- _Data under study_

******

(* Let $G$ be a graph on $K$ vertices and let $m$ satisfy $3\le m\le K$. If the average degree of $G$ is at least $m$, then $G$ contains a connected-matching on at least $m$ vertices.
   Context: A matching is a set of pairwise vertex-disjoint edges; its number of vertices is twice its number of edges. A connected-matching is a matching all of whose edges lie in the same connected component of $G$. *)

theory Defs
  imports Complex_Main
begin

definition simple_graph :: "'a set \<Rightarrow> 'a set set \<Rightarrow> bool" where
  "simple_graph V E \<longleftrightarrow> finite V \<and> (\<forall>e\<in>E. e \<subseteq> V \<and> card e = 2)"

definition degree :: "'a set set \<Rightarrow> 'a \<Rightarrow> nat" where
  "degree E v = card {e\<in>E. v \<in> e}"

definition average_degree :: "'a set \<Rightarrow> 'a set set \<Rightarrow> real" where
  "average_degree V E = (\<Sum>v\<in>V. real (degree E v)) / real (card V)"

definition adj :: "'a set set \<Rightarrow> 'a \<Rightarrow> 'a \<Rightarrow> bool" where
  "adj E u v \<longleftrightarrow> {u, v} \<in> E"

definition connected_in :: "'a set set \<Rightarrow> 'a \<Rightarrow> 'a \<Rightarrow> bool" where
  "connected_in E u v \<longleftrightarrow> (adj E)\<^sup>*\<^sup>* u v"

******

- _Task description_
The listing above has to be repeated exactly, down to the last line.

- _Result for this task_
(* Let $G$ be a graph on $K$ vertices and let $m$ satisfy $3\le m\le K$. If the average degree of $G$ is at least $m$, then $G$ contains a connected-matching on at least $m$ vertices.
   Context: A matching is a set of pairwise vertex-disjoint edges; its number of vertices is twice its number of edges. A connected-matching is a matching all of whose edges lie in the same connected component of $G$. *)

theory Defs
  imports Complex_Main
begin

definition simple_graph :: "'a set \<Rightarrow> 'a set set \<Rightarrow> bool" where
  "simple_graph V E \<longleftrightarrow> finite V \<and> (\<forall>e\<in>E. e \<subseteq> V \<and> card e = 2)"

definition degree :: "'a set set \<Rightarrow> 'a \<Rightarrow> nat" where
  "degree E v = card {e\<in>E. v \<in> e}"

definition average_degree :: "'a set \<Rightarrow> 'a set set \<Rightarrow> real" where
  "average_degree V E = (\<Sum>v\<in>V. real (degree E v)) / real (card V)"

definition adj :: "'a set set \<Rightarrow> 'a \<Rightarrow> 'a \<Rightarrow> bool" where
  "adj E u v \<longleftrightarrow> {u, v} \<in> E"

definition connected_in :: "'a set set \<Rightarrow> 'a \<Rightarrow> 'a \<Rightarrow> bool" where
  "connected_in E u v \<longleftrightarrow> (adj E)\<^sup>*\<^sup>* u v"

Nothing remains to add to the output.